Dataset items

lemma expectation_half_power_degree:
  assumes "u < n" "0 \<le> q" "q \<le> 1"
  shows "measure_pmf.expectation (ER n q) (\<lambda>G. (1/2::real) ^ degree n G u) = (1 - q/2) ^ (n - 1)"
proof -
  define I where "I = {e \<in> er_pairs n. fst e = u \<or> snd e = u}"
  define f where "f = (\<lambda>e b. if e \<in> I \<and> b then 1/2 else (1::real))"
  have "(1/2::real) ^ degree n G u = (\<Prod>e\<in>er_pairs n. f e (G e))" for G
  proof -
    have "{w. w < n \<and> w \<noteq> u \<and> G (min u w, max u w)} = {w. w < n \<and> adj G u w}"
      by (auto simp: adj_def min_def max_def split: if_splits)
    then have "degree n G u = card {e \<in> er_pairs n. e \<in> I \<and> G e}"
      using card_incident_pairs[OF \<open>u < n\<close>, of G] by (simp add: degree_def I_def)
    then show ?thesis
      by (simp add: f_def prod.inter_filter[OF finite_er_pairs, symmetric])
  qed
  then have "measure_pmf.expectation (ER n q) (\<lambda>G. (1/2::real) ^ degree n G u)
      = measure_pmf.expectation (ER n q) (\<lambda>G. \<Prod>e\<in>er_pairs n. f e (G e))"
    by simp
  also have "\<dots> = (\<Prod>e\<in>er_pairs n. measure_pmf.expectation (bernoulli_pmf q) (f e))"
    unfolding ER_def
    by (rule expectation_prod_Pi_pmf[OF finite_er_pairs]) (auto simp: f_def integrable_measure_pmf_finite)
  also have "\<dots> = (\<Prod>e\<in>er_pairs n. if e \<in> I then 1 - q/2 else 1)"
    using assms by (intro prod.cong refl) (simp add: f_def)
  also have "\<dots> = (1 - q/2) ^ card I"
    by (simp add: prod.If_cases[OF finite_er_pairs] I_def Int_def)
  also have "card I = card ({..<n} - {u})"
    using card_incident_pairs[OF \<open>u < n\<close>, of "\<lambda>_. True"] by (simp add: I_def set_diff_eq)
  also have "\<dots> = n - 1"
    using \<open>u < n\<close> by simp
  finally show ?thesis .
qed

lemma prob_card_low_degree_ge:
  assumes "0 \<le> q" "q \<le> 1" "c > 0"
  shows "measure_pmf.prob (ER n q) {G. c \<le> real (card (low_degree n G D))}
         \<le> 2 ^ D * real n * (1 - q/2) ^ (n - 1) / c"
proof -
  define Y where "Y = (\<lambda>G. 2 ^ D * (\<Sum>u<n. (1/2::real) ^ degree n G u))"
  have integrable: "integrable (measure_pmf (ER n q)) (\<lambda>G. (1/2::real) ^ degree n G u)" for u
    by (intro measure_pmf.integrable_const_bound[where B=1]) (auto intro!: AE_I2 power_le_one)
  have "measure_pmf.prob (ER n q) {G. c \<le> real (card (low_degree n G D))}
      \<le> measure_pmf.prob (ER n q) {G. c \<le> Y G}"
    using card_low_degree_le unfolding Y_def
    by (intro measure_pmf.finite_measure_mono) (auto intro: order_trans)
  also have "\<dots> \<le> measure_pmf.expectation (ER n q) Y / c"
    using integral_Markov_inequality_measure[of "measure_pmf (ER n q)" Y "{}" c] \<open>c > 0\<close>
    unfolding Y_def by (simp add: integrable sum_nonneg)
  also have "measure_pmf.expectation (ER n q) Y = 2 ^ D * real n * (1 - q/2) ^ (n - 1)"
    unfolding Y_def using assms
    by (simp add: Bochner_Integration.integral_sum integrable expectation_half_power_degree)
  finally show ?thesis .
qed
(* Let $X$ be a Dedekind complete Riesz space with weak order unit $e$ and $T$ a conditional expectation with $Te=e$. For a net $(x_{\alpha})_{\alpha\in A}$ in $X$ and $x\in X$, the following are equivalent: (i) $x_{\alpha}\to x$ in $T$-conditional probability; (ii) $T(|x_{\alpha}-x|\wedge u)\xrightarrow{o}0$ for every $u\in X_{+}$; (iii) $T(|x_{\alpha}-x|\wedge e)\xrightarrow{o}0$.
   Context: A conditional expectation operator on $X$ is a strictly positive, order continuous linear projection $T$ with $Te=e$ whose range is a Dedekind complete Riesz subspace. $\xrightarrow{o}$ denotes order convergence: $y_\alpha\xrightarrow{o}y$ if there is a net $z_\beta\downarrow0$ such that for every $\beta$ there is $\alpha_0$ with $|y_\alpha-y|\le z_\beta$ for all $\alpha\ge\alpha_0$. $x_\alpha\to x$ in $T$-conditional probability means $TP_{(|x_\alpha-x|-\epsilon e)^{+}}e\xrightarrow{o}0$ for every $\epsilon>0$, where $P_y$ is the band projection onto the band generated by $y$. *)

theory Defs
  imports Complex_Main
begin

text \<open>A Dedekind complete Riesz space is modelled by a type of sort
  {ordered_real_vector, conditionally_complete_lattice}: an ordered real vector
  space whose order is a lattice (hence a Riesz space) in which every nonempty
  set bounded above has a supremum.\<close>

definition rabs :: "'a::{ordered_real_vector,lattice} \<Rightarrow> 'a" where
  "rabs x = sup x (- x)"

definition rpos :: "'a::{ordered_real_vector,lattice} \<Rightarrow> 'a" where
  "rpos x = sup x 0"
lemma vnorm_diff_le: "vnorm k (\<lambda>p. x p - y p) \<le> vnorm k x + vnorm k y"
proof -
  have "vnorm k (\<lambda>p. x p - y p) \<le> L2_set (\<lambda>p. cmod (x p) + cmod (y p)) {..<k}"
    unfolding vnorm_eq_L2_set by (rule L2_set_mono) (auto simp: norm_triangle_ineq4)
  also have "\<dots> \<le> vnorm k x + vnorm k y"
    unfolding vnorm_eq_L2_set by (rule L2_set_triangle_ineq)
  finally show ?thesis .
qed

lemma norm_le_vnorm: "p < k \<Longrightarrow> cmod (v p) \<le> vnorm k v"
  unfolding vnorm_eq_L2_set by (rule member_le_L2_set) auto

lemma mv_mult: "mv k A (\<lambda>q. c * x q) = (\<lambda>p. c * mv k A x p)"
  unfolding mv_def by (simp add: sum_distrib_left mult_ac)

lemma vnorm_mv_le_entry_sum: "vnorm k (mv k A x) \<le> (\<Sum>p<k. \<Sum>q<k. cmod (A p q)) * vnorm k x"
proof -
  have row: "cmod (mv k A x p) \<le> (\<Sum>q<k. cmod (A p q)) * vnorm k x" for p
  proof -
    have "cmod (mv k A x p) \<le> (\<Sum>q<k. cmod (A p q) * cmod (x q))"
      unfolding mv_def norm_mult[symmetric] by (rule norm_sum)
    also have "\<dots> \<le> (\<Sum>q<k. cmod (A p q) * vnorm k x)"
      by (intro sum_mono mult_left_mono norm_le_vnorm) auto
    finally show ?thesis by (simp add: sum_distrib_right)
  qed
  have "vnorm k (mv k A x) \<le> (\<Sum>p<k. cmod (mv k A x p))"
    unfolding vnorm_eq_L2_set by (rule L2_set_le_sum) auto
  also have "\<dots> \<le> (\<Sum>p<k. (\<Sum>q<k. cmod (A p q)) * vnorm k x)"
    by (intro sum_mono row)
  finally show ?thesis by (simp add: sum_distrib_right)
qed

lemma vnorm_mv_normalize:
  assumes "vnorm k x \<noteq> 0"
  obtains y where "vnorm k y = 1" and "vnorm k (mv k A x) = vnorm k (mv k A y) * vnorm k x"
proof
  define t where "t = vnorm k x"
  have t: "t > 0"
    using assms vnorm_nonneg[of k x] unfolding t_def by linarith
  show "vnorm k (\<lambda>q. complex_of_real (1 / t) * x q) = 1"
    unfolding vnorm_mult using t by (simp add: t_def norm_divide)
  show "vnorm k (mv k A x) = vnorm k (mv k A (\<lambda>q. complex_of_real (1 / t) * x q)) * vnorm k x"
    unfolding mv_mult vnorm_mult using t by (simp add: t_def norm_divide)
qed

▶ [WORK ITEM]
When a line among the entries contains "noteq", pull that line out.

▶ [RESPONSE FOR THIS EXERCISE]
    have "{w. w < n \<and> w \<noteq> u \<and> G (min u w, max u w)} = {w. w < n \<and> adj G u w}"
  assumes "vnorm k x \<noteq> 0"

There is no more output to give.